Lines in the listing below containing the string "shows" are to be identified and copied.
──────── The data ────────
lemma hilbert_ellipse_quartic_identity:
  fixes p q x y r A B g a :: real
  assumes "A = (1 + r)\<^sup>2 * (1 - (p\<^sup>2 + q\<^sup>2)) + 4 * r * (p\<^sup>2 + q\<^sup>2)" and "A * B = 1"
    and "g\<^sup>2 = 4 * (r - 1)\<^sup>2 * r * (1 - (p\<^sup>2 + q\<^sup>2)) * B\<^sup>2"
    and "a\<^sup>2 = (r - 1)\<^sup>2 * (1 - (p\<^sup>2 + q\<^sup>2)) * B"
    and "d1 = (x - (4 * r * B * p - g * q))\<^sup>2 + (y - (4 * r * B * q + g * p))\<^sup>2"
    and "d2 = (x - (4 * r * B * p + g * q))\<^sup>2 + (y - (4 * r * B * q - g * p))\<^sup>2"
  shows "(d1 - d2)\<^sup>2 - 8 * a\<^sup>2 * (d1 + d2) + 16 * (a\<^sup>2)\<^sup>2
    = - 16 * a\<^sup>2 * B * (4 * r * (p * x + q * y - 1)\<^sup>2 - (1 + r)\<^sup>2 * (1 - (p\<^sup>2 + q\<^sup>2)) * (1 - (x\<^sup>2 + y\<^sup>2)))"
  using assms by algebra

lemma is_ellipse_hilbert_circle_form_zeros:
  assumes z0: "cmod z0 < 1" and "r > 1"
  shows "is_ellipse {z. hilbert_circle_form z0 r z = 0}"
proof -
  define p q m where "p = Re z0" and "q = Im z0" and "m = p\<^sup>2 + q\<^sup>2"
  have m: "m = (cmod z0)\<^sup>2"
    unfolding m_def p_def q_def by (simp add: cmod_power2)
  have "0 \<le> m" "m < 1"
    using z0 unfolding m by (simp_all add: power_less_one_iff)
  define A B where "A = (1 + r)\<^sup>2 * (1 - m) + 4 * r * m" and "B = 1 / A"
  have K: "(1 + r)\<^sup>2 * (1 - m) > 0"
    using \<open>m < 1\<close> \<open>r > 1\<close> by simp
  then have "A > 0"
    unfolding A_def using \<open>0 \<le> m\<close> \<open>r > 1\<close> by (simp add: add_pos_nonneg)
  then have AB: "A * B = 1" and "B > 0"
    unfolding B_def by simp_all
  define g a where "g = 2 * (r - 1) * sqrt (r * (1 - m)) * B"
    and "a = (r - 1) * sqrt (1 - m) * sqrt B"
  have "g \<ge> 0" "a > 0"
    unfolding g_def a_def using \<open>r > 1\<close> \<open>m < 1\<close> \<open>B > 0\<close> by simp_all
  have g2: "g\<^sup>2 = 4 * (r - 1)\<^sup>2 * r * (1 - m) * B\<^sup>2"
    unfolding g_def using \<open>r > 1\<close> \<open>m < 1\<close>
    by (simp add: power_mult_distrib) (simp add: power2_eq_square algebra_simps)
  have a2: "a\<^sup>2 = (r - 1)\<^sup>2 * (1 - m) * B"
    unfolding a_def using \<open>m < 1\<close> \<open>B > 0\<close> by (simp add: power_mult_distrib)
  \<comment> \<open>The centre of the ellipse is \<open>4 r B z0\<close>; its major axis is perpendicular to \<open>z0\<close>.\<close>
  define f1 f2 where "f1 = z0 * Complex (4 * r * B) g" and "f2 = z0 * Complex (4 * r * B) (- g)"
  have "f1 - f2 = \<i> * of_real (2 * g) * z0"
    unfolding f1_def f2_def by (simp add: complex_eq_iff)
  then have "dist f1 f2 = 2 * g * cmod z0"
    using \<open>g \<ge> 0\<close> by (simp add: dist_norm norm_mult)
  also have "\<dots> < 2 * a"
  proof -
    have "(g * cmod z0)\<^sup>2 = (r - 1)\<^sup>2 * (1 - m) * B\<^sup>2 * (4 * r * m)"
      using g2 m by (simp add: power_mult_distrib)
    also have "\<dots> < (r - 1)\<^sup>2 * (1 - m) * B\<^sup>2 * A"
      unfolding A_def using K \<open>r > 1\<close> \<open>m < 1\<close> \<open>B > 0\<close> by simp
    also have "\<dots> = a\<^sup>2"
      using a2 AB by (simp add: power2_eq_square mult.commute)
    finally have "g * cmod z0 < a"
      by (rule power2_less_imp_less) (use \<open>a > 0\<close> in simp)
    then show ?thesis
      by simp
  qed
  finally have foci: "dist f1 f2 < 2 * a" .
  have "((dist z f1)\<^sup>2 - (dist z f2)\<^sup>2)\<^sup>2 - 8 * a\<^sup>2 * ((dist z f1)\<^sup>2 + (dist z f2)\<^sup>2) + 16 * (a\<^sup>2)\<^sup>2
      = - 16 * a\<^sup>2 * B * hilbert_circle_form z0 r z" for z
  proof -
    define x y where "x = Re z" and "y = Im z"
    have D: "(dist z f1)\<^sup>2 = (x - (4 * r * B * p - g * q))\<^sup>2 + (y - (4 * r * B * q + g * p))\<^sup>2"
      "(dist z f2)\<^sup>2 = (x - (4 * r * B * p + g * q))\<^sup>2 + (y - (4 * r * B * q - g * p))\<^sup>2"
      unfolding f1_def f2_def x_def y_def p_def q_def by (simp_all add: dist_norm cmod_power2 ac_simps)
    have F: "hilbert_circle_form z0 r z
        = 4 * r * (p * x + q * y - 1)\<^sup>2 - (1 + r)\<^sup>2 * (1 - m) * (1 - (x\<^sup>2 + y\<^sup>2))"
      unfolding hilbert_circle_form_def m_def p_def q_def x_def y_def by (simp add: cmod_power2)
    show ?thesis
      unfolding F m_def
      by (rule hilbert_ellipse_quartic_identity[OF _ AB _ _ D])
        (use g2 a2 in \<open>simp_all add: A_def m_def\<close>)
  qed
  then have "{z. hilbert_circle_form z0 r z = 0} = {z. dist z f1 + dist z f2 = 2 * a}"
    using dist_sum_eq_iff_quartic[OF foci] \<open>a > 0\<close> \<open>B > 0\<close> by simp
  with foci show ?thesis
    unfolding is_ellipse_def by blast
qed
────────
■ **Result below**
  shows "(d1 - d2)\<^sup>2 - 8 * a\<^sup>2 * (d1 + d2) + 16 * (a\<^sup>2)\<^sup>2
  shows "is_ellipse {z. hilbert_circle_form z0 r z = 0}"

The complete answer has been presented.